Albemarle opens a Battery Materials Innovation Center in North Carolina

Albemarle certainly isn't a household name, but it's a major US-based producer of chemicals, particularly those used in the production of lithium batteries. Lithium batteries are key to all manner of electronic devices and are particularly critical for electric vehicles. The company has announced that it opened a Battery Materials Innovation Center (BMIC) and its Kings Mountain, North Carolina site.The BMIC will be fully operational in July 2021 and will support the company's lithium hydroxide, lithium carbonate, and advanced energy storage materials platforms. The facility is designed to enable the synthesis of new materials, material property characterization, and analysis. It also supports material scale-up capabilities and material integration into battery cells for performance testing.

The facility has a dry room with a multi-layer pouch cell line that can create cell phone-sized batteries to demonstrate critical aspects of performance and accelerate the transition of new products to customers. BMIC will also develop lithium metal anode technology to increase battery energy density using advanced lithium metal ruling to achieve lithium foils 20 microns thick. Twenty microns is about one-fifth the average thickness of a human hair.

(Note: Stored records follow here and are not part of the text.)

lemma cinner_diff_left: "cinner (x - y::'a::complex_inner) z = cinner x z - cinner y z"
  by (metis diff_conv_add_uminus cinner_add_left cinner_minus_left)

lemmas cinner_simps = cinner_add_left cinner_add_right cinner_diff_left cinner_diff_right
  cinner_minus_left cinner_minus_right cinner_scaleC_left cinner_scaleC_right

lemma cinner_sum_left: "cinner (\<Sum>i\<in>I. g i) (w::'a::complex_inner) = (\<Sum>i\<in>I. cinner (g i) w)"
  by (induction I rule: infinite_finite_induct) (simp_all add: cinner_add_left)

lemma cinner_sum_right: "cinner (w::'a::complex_inner) (\<Sum>i\<in>I. g i) = (\<Sum>i\<in>I. cinner w (g i))"
  by (induction I rule: infinite_finite_induct) (simp_all add: cinner_add_right)

lemma cinner_eqI: "(\<And>v. cinner a v = cinner b v) \<Longrightarrow> a = (b::'a::complex_inner)"
  using cinner_eq_zero_iff[of "a - b"] by (simp add: cinner_diff_left)

definition cnorm_sq :: "'a::complex_inner \<Rightarrow> real" where
  "cnorm_sq x = Re (cinner x x)"

lemma cinner_self_Im[simp]: "Im (cinner x (x::'a::complex_inner)) = 0"
proof -
  have "Im (cinner x x) = - Im (cinner x x)" by (metis cinner_commute cnj.simps(2))
  thus ?thesis by simp
qed

lemma cinner_self_eq: "cinner x (x::'a::complex_inner) = complex_of_real (cnorm_sq x)"
  by (simp add: cnorm_sq_def complex_eq_iff)

lemma cnorm_sq_nonneg[simp]: "cnorm_sq x \<ge> 0"
  by (simp add: cnorm_sq_def cinner_ge_zero)

lemma cnorm_sq_eq_0_iff[simp]: "cnorm_sq x = 0 \<longleftrightarrow> x = 0"
  using cinner_self_eq[of x] cinner_eq_zero_iff[of x] by auto

lemma cnorm_sq_pos_iff: "cnorm_sq x > 0 \<longleftrightarrow> x \<noteq> 0"
  using cnorm_sq_nonneg[of x] cnorm_sq_eq_0_iff[of x] by linarith

lemma Re_cinner_commute: "Re (cinner x y) = Re (cinner y (x::'a::complex_inner))"
  by (metis cinner_commute complex_cnj_cnj cnj.simps(1))
lemma norm_heat_sg_le:
  fixes g :: "real^'d \<Rightarrow> 'v::euclidean_space"
  assumes "eps > 0" "t \<ge> 0" "\<And>y. norm (g y) \<le> C"
  shows "norm (heat_sg eps t g x) \<le> C"
proof (cases "t = 0")
  case True
  then show ?thesis using assms by (simp add: heat_sg_def)
next
  case False
  then have "t > 0" using assms by simp
  then have kernel_C: "((\<lambda>y. heat_kernel eps t (x - y) * C) has_integral C) UNIV"
    using has_integral_mult_left[OF heat_kernel_has_integral_1[OF assms(1)]] by simp
  have "norm (integral UNIV (\<lambda>y. heat_kernel eps t (x - y) *\<^sub>R g y))
      \<le> integral UNIV (\<lambda>y. heat_kernel eps t (x - y) * C)"
    using kernel_C by (intro norm_integral_le_integral)
      (auto intro!: mult_left_mono assms(3) simp: heat_kernel_nonneg)
  also have "\<dots> = C" using kernel_C by (rule integral_unique)
  finally show ?thesis using False by (simp add: heat_sg_def)
qed

lemma norm_semigroupL_le:
  fixes g :: "real^'d \<Rightarrow> 'v::euclidean_space"
  assumes "eps > 0" "t \<ge> 0" "\<And>y. norm (g y) \<le> C"
  shows "norm (semigroupL eps \<kappa> t g x) \<le> exp (- \<kappa> * t) * C"
  unfolding semigroupL_def using norm_heat_sg_le[OF assms, where x=x]
  by (simp add: mult_left_mono)
(* For every admissible pair $(a,b)$, equality of morphisms in the canonical cube category $\mathbb{C}_{(a,b)}$ is decidable; that is, there is an algorithm which, given two terms (or tuples of terms) of $L_{(a,b)}$ in a common variable context, decides whether they are equal in $\mathbb{C}_{(a,b)}$.
   Context: Structural rules: $\mathsf{w}$ (weakening), $\mathsf{e}$ (exchange), $\mathsf{c}$ (contraction); admissible sets $a$: $\emptyset,\{\mathsf w\},\{\mathsf e\},\{\mathsf w,\mathsf e\},\{\mathsf e,\mathsf c\},\{\mathsf w,\mathsf e,\mathsf c\}$. Admissible signatures $b$: $(0,1)$, $(0,1,\vee)$, $(0,1,\wedge)$, $(0,1,\vee,\wedge)$, $(0,1,{}')$, $(0,1,\vee,\wedge,{}')$. Terms of $L_{(a,b)}$ in context $x_1,\dots,x_m$ are built from the variables and symbols of $b$; listing all variable occurrences (of a tuple of terms) left to right, every variable occurs unless $\mathsf w\in a$, they occur in order unless $\mathsf e\in a$, and none is duplicated unless $\mathsf c\in a$. The canonical cube category $\mathbb{C}_{(a,b)}$ has objects $[n]$, $n\ge0$; morphisms $[m]\to[n]$ are such $n$-tuples of terms in context $x_1,\dots,x_m$, identified when they define the same function $[0,1]^m\to[0,1]^n$ under $0,1$ = endpoints, $\vee=\max$, $\wedge=\min$, $x'=1-x$; composition is substitution. *)

theory Defs
  imports Complex_Main "HOL-Library.Nat_Bijection"
begin
lemma derivation_fps_map:
  assumes "derivation L"
  shows "derivation (fps_map L)"
  unfolding derivation_def
proof (intro conjI allI)
  fix a b :: "'a fps"
  show "fps_map L (a + b) = fps_map L a + fps_map L b"
    by (rule fps_ext) (simp add: derivation_add[OF assms])
  show "fps_map L (a * b) = a * fps_map L b + fps_map L a * b"
    by (rule fps_ext)
      (simp add: fps_mult_nth derivation_sum[OF assms] derivation_mult[OF assms] sum.distrib)
qed

lemma fps_deriv_fps_map:
  assumes "derivation L"
  shows "fps_deriv (fps_map L f) = fps_map L (fps_deriv f)"
  by (rule fps_ext) (simp only: fps_deriv_nth fps_map_nth derivation_of_nat_mult[OF assms])

lemma fps_dvd_1_if_nth_0_dvd_1:
  fixes f :: "'a::comm_ring_1 fps"
  assumes "f $ 0 dvd 1"
  shows "f dvd 1"
proof -
  from assms obtain x where "x * f $ 0 = 1"
    by (metis dvdE mult.commute)
  then have "fps_left_inverse f x * f = 1"
    by (rule fps_left_inverse)
  then show ?thesis
    by (metis dvdI mult.commute)
qed

text \<open>\<open>iv n\<close> is meant to be an inverse of \<open>n + 1\<close>.\<close>
fun fps_ode_coeff :: "'a::comm_ring_1 fps \<Rightarrow> ('a \<Rightarrow> 'a) \<Rightarrow> (nat \<Rightarrow> 'a) \<Rightarrow> 'a \<Rightarrow> nat \<Rightarrow> 'a" where
  "fps_ode_coeff a L iv c 0 = c"
| "fps_ode_coeff a L iv c (Suc n) = iv n * (\<Sum>i=0..n. a $ i * L (fps_ode_coeff a L iv c (n - i)))"

lemma fps_linear_ode_exists:
  fixes a :: "'a::comm_ring_1 fps"
  assumes "\<And>n. (of_nat (Suc n) :: 'a) dvd 1"
  shows "\<exists>u. u $ 0 = c \<and> fps_deriv u = a * fps_map L u"
proof -
  obtain iv where iv: "\<And>n. of_nat (Suc n) * iv n = (1::'a)"
  proof -
    have "\<forall>n. \<exists>v. of_nat (Suc n) * v = (1::'a)"
      using assms by (metis dvdE)
    then show ?thesis
      using that by metis
  qed
  let ?u = "Abs_fps (fps_ode_coeff a L iv c)"
  have "fps_deriv ?u $ n = (a * fps_map L ?u) $ n" for n
  proof -
    have "fps_deriv ?u $ n
        = (of_nat (Suc n) * iv n) * (\<Sum>i=0..n. a $ i * L (fps_ode_coeff a L iv c (n - i)))"
      by (simp only: fps_deriv_nth fps_ode_coeff.simps fps_nth_Abs_fps Suc_eq_plus1[symmetric]
          mult.assoc)
    also have "\<dots> = (\<Sum>i=0..n. a $ i * L (fps_ode_coeff a L iv c (n - i)))"
      by (simp only: iv mult_1_left)
    also have "\<dots> = (a * fps_map L ?u) $ n"
      by (simp add: fps_mult_nth)
    finally show ?thesis .
  qed
  then show ?thesis
    by (intro exI[of _ ?u]) (simp add: fps_ext)
qed

lemma fps_linear_ode_zero:
  fixes a u :: "'a::comm_ring_1 fps"
  assumes "\<And>n. (of_nat (Suc n) :: 'a) dvd 1" and "L 0 = 0"
    and u: "fps_deriv u = a * fps_map L u" and "u $ 0 = 0"
  shows "u = 0"
proof -
  have "\<forall>m\<le>n. u $ m = 0" for n
  proof (induction n)
    case 0
    then show ?case using \<open>u $ 0 = 0\<close> by simp
  next
    case (Suc n)
    have "of_nat (Suc n) * u $ Suc n = fps_deriv u $ n"
      by simp
    also have "\<dots> = (\<Sum>i=0..n. a $ i * L (u $ (n - i)))"
      by (simp add: u fps_mult_nth)
    also have "\<dots> = 0"
      using Suc.IH \<open>L 0 = 0\<close> by simp
    finally have "of_nat (Suc n) * u $ Suc n = 0" .
    moreover obtain v where "v * of_nat (Suc n) = (1::'a)"
      using assms(1)[of n] by (metis dvdE mult.commute)
    ultimately have "u $ Suc n = 0"
      by (metis mult.assoc mult_1 mult_zero_right)
    then show ?case
      using Suc.IH le_Suc_eq by auto
  qed
  then show ?thesis
    by (intro fps_ext) auto
qed

lemma dx3_eq: "dx3 = fps_map (fps_map fps_deriv)"
  by (simp add: dx3_def fps_map_def fun_eq_iff)

lemma dy3_eq: "dy3 = fps_map fps_deriv"
  by (simp add: dy3_def fps_map_def fun_eq_iff)

lemma derivation_dx3: "derivation dx3"
  by (simp add: dx3_eq derivation_fps_map derivation_fps_deriv)

lemma derivation_dy3: "derivation dy3"
  by (simp add: dy3_eq derivation_fps_map derivation_fps_deriv)

lemma derivation_dz3: "derivation dz3"
  by (simp add: dz3_def[abs_def] derivation_fps_deriv)

lemma dz3_dx3: "dz3 (dx3 f) = dx3 (dz3 f)"
  by (simp add: dz3_def dx3_eq fps_deriv_fps_map derivation_fps_map derivation_fps_deriv)

lemma dz3_dy3: "dz3 (dy3 f) = dy3 (dz3 f)"
  by (simp add: dz3_def dy3_eq fps_deriv_fps_map derivation_fps_deriv)

lemma dx3_dy3: "dx3 (dy3 f) = dy3 (dx3 f)"
  by (rule fps_ext) (simp add: dx3_eq dy3_eq fps_deriv_fps_map derivation_fps_deriv)

lemma d3_variables [simp]:
  "dx3 X3 = 1" "dx3 Y3 = 0" "dx3 Z3 = 0"
  "dy3 X3 = 0" "dy3 Y3 = 1" "dy3 Z3 = 0"
  "dz3 X3 = 0" "dz3 Y3 = 0" "dz3 Z3 = 1"
  by (auto intro!: fps_ext simp: dx3_eq dy3_eq dz3_def X3_def Y3_def Z3_def fps_X_def)

lemma d3_cst3 [simp]: "dx3 (cst3 t) = 0" "dy3 (cst3 t) = 0" "dz3 (cst3 t) = 0"
  by (auto intro!: fps_ext simp: dx3_eq dy3_eq dz3_def cst3_def)

lemmas d3_rules =
  derivation_add[OF derivation_dx3] derivation_diff[OF derivation_dx3]
  derivation_minus[OF derivation_dx3] derivation_mult[OF derivation_dx3]
  derivation_add[OF derivation_dy3] derivation_diff[OF derivation_dy3]
  derivation_minus[OF derivation_dy3] derivation_mult[OF derivation_dy3]
  derivation_add[OF derivation_dz3] derivation_diff[OF derivation_dz3]
  derivation_minus[OF derivation_dz3] derivation_mult[OF derivation_dz3]

lemma fps3_dvd_1_if_not_in_max3: "\<not> in_max3 a \<Longrightarrow> a dvd 1"
  by (simp add: in_max3_def fps_dvd_1_if_nth_0_dvd_1)

lemma of_nat_Suc_dvd_1_fps: "(of_nat (Suc n) :: 'a::field_char_0 fps) dvd 1"
  by (rule fps_dvd_1_if_nth_0_dvd_1) (simp add: dvd_field_iff del: of_nat_Suc)

lemma of_nat_Suc_dvd_1_fps2: "(of_nat (Suc n) :: 'a::field_char_0 fps fps) dvd 1"
  by (rule fps_dvd_1_if_nth_0_dvd_1) (simp add: of_nat_Suc_dvd_1_fps del: of_nat_Suc)

definition vanishes_below :: "nat \<Rightarrow> fps3 \<Rightarrow> bool" where
  "vanishes_below N a \<longleftrightarrow> (\<forall>i j k. i + j + k < N \<longrightarrow> a $ k $ j $ i = 0)"

lemma vanishes_below_add: "vanishes_below N a \<Longrightarrow> vanishes_below N b \<Longrightarrow> vanishes_below N (a + b)"
  by (simp add: vanishes_below_def)
(* With $\lambda=0$, the ordering $O(n^a,n^b)$ output by the xOrder procedure (defined in the context) maximizes $\mathrm{AUC}^o$ over all cross-group orderings $o$ of $(\mathrm{p}^a,\mathrm{p}^b)$; i.e., it is a global maximizer of $J(o)=\mathrm{AUC}^o-\lambda\Delta\mathrm{xAUC}^o$ for $\lambda=0$.
   Context: Setting: two disjoint finite groups $a,b$ of instances with labels $Y_u\in\{0,1\}$; $n^g,n^g_1,n^g_0$ denote the size, number of positives and number of negatives of group $g$ (all counts $\ge1$); $n_1=n_1^a+n_1^b$, $n_0=n_0^a+n_0^b$, $k_{a,b}=n_1^an_0^b$, $k_{b,a}=n_0^an_1^b$, $k=n_0n_1$. $\mathrm{p}^a=(\mathrm{p}^{a(1)},\dots,\mathrm{p}^{a(n^a)})$ and $\mathrm{p}^b=(\mathrm{p}^{b(1)},\dots,\mathrm{p}^{b(n^b)})$ are fixed orderings of the groups (e.g. by decreasing score). A cross-group ordering is a list of all instances of $a\cup b$ preserving the relative orders within $\mathrm{p}^a$ and within $\mathrm{p}^b$; "precedes" means ranked higher. $\mathrm{AUC}^o=\frac{1}{n_1n_0}\#\{(u,v):Y_u=1,Y_v=0,u\text{ precedes }v\text{ in }o\}$; $\mathrm{xAUC}^o(a,b)=\frac{1}{n_1^an_0^b}\#\{(u,v):u\in a,Y_u=1,v\in b,Y_v=0,u\text{ precedes }v\}$, $\mathrm{xAUC}^o(b,a)$ symmetrically; $\Delta\mathrm{xAUC}^o=|\mathrm{xAUC}^o(a,b)-\mathrm{xAUC}^o(b,a)|$. xOrder: For $0\le i\le n^a$, $0\le j\le n^b$ and a list $q$ that interleaves $\mathrm{p}^{a(1)},\dots,\mathrm{p}^{a(i)}$ and $\mathrm{p}^{b(1)},\dots,\mathrm{p}^{b(j)}$ preserving within-group orders, let $q^{\to b}$ be $q$ followed by $\mathrm{p}^{b(j+1)},\dots,\mathrm{p}^{b(n^b)}$ and $q^{\to a}$ be $q$ followed by $\mathrm{p}^{a(i+1)},\dots,\mathrm{p}^{a(n^a)}$. Define $A(q)=\frac{1}{n_1^an_0^b}\#\{(u,v): u\in\{\mathrm{p}^{a(1)},..,\mathrm{p}^{a(i)}\},Y_u=1,v\in b,Y_v=0,u\text{ precedes }v\text{ in }q^{\to b}\}$, $B(q)=\frac{1}{n_1^bn_0^a}\#\{(u,v): u\in\{\mathrm{p}^{b(1)},..,\mathrm{p}^{b(j)}\},Y_u=1,v\in a,Y_v=0,u\text{ precedes }v\text{ in }q^{\to a}\}$, and $\widehat G(q)=\frac{k_{a,b}}{k}A(q)+\frac{k_{b,a}}{k}B(q)-\lambda|A(q)-B(q)|$. Set $O(i,0)=(\mathrm{p}^{a(1)},\dots,\mathrm{p}^{a(i)})$ and $O(0,j)=(\mathrm{p}^{b(1)},\dots,\mathrm{p}^{b(j)})$. For $i=1,\dots,n^a$ and $j=1,\dots,n^b$ (in increasing order): if $\widehat G(O(i-1,j)\oplus\mathrm{p}^{a(i)})>\widehat G(O(i,j-1)\oplus\mathrm{p}^{b(j)})$ then $O(i,j)=O(i-1,j)\oplus\mathrm{p}^{a(i)}$, otherwise $O(i,j)=O(i,j-1)\oplus\mathrm{p}^{b(j)}$, where $\oplus$ appends an element to the end of a list. The output is $O(n^a,n^b)$, a cross-group ordering. *)

theory Defs
  imports Main "HOL.Real"
begin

The facility will demonstrate lithium foils even thinner with a thickness of 3 to 5 microns using new technologies currently under development. Albemarle says that its BMIC provides realistic and relevant cell building capability to generate data for next-generation battery material design. The company will leverage the resources to optimize the materials for creating a drop-in solution for customers to help deliver high-performance and cost-effective batteries to the electric vehicle market.

Albemarle is the only US-based producer of lithium metal anodes. The company says novel materials developed in its labs will enable the next frontier of lithium-ion battery performance. Moving from conventional graphite battery anodes to lithium metal offers the potential to double energy density and reduce cost by as much as 50 percent.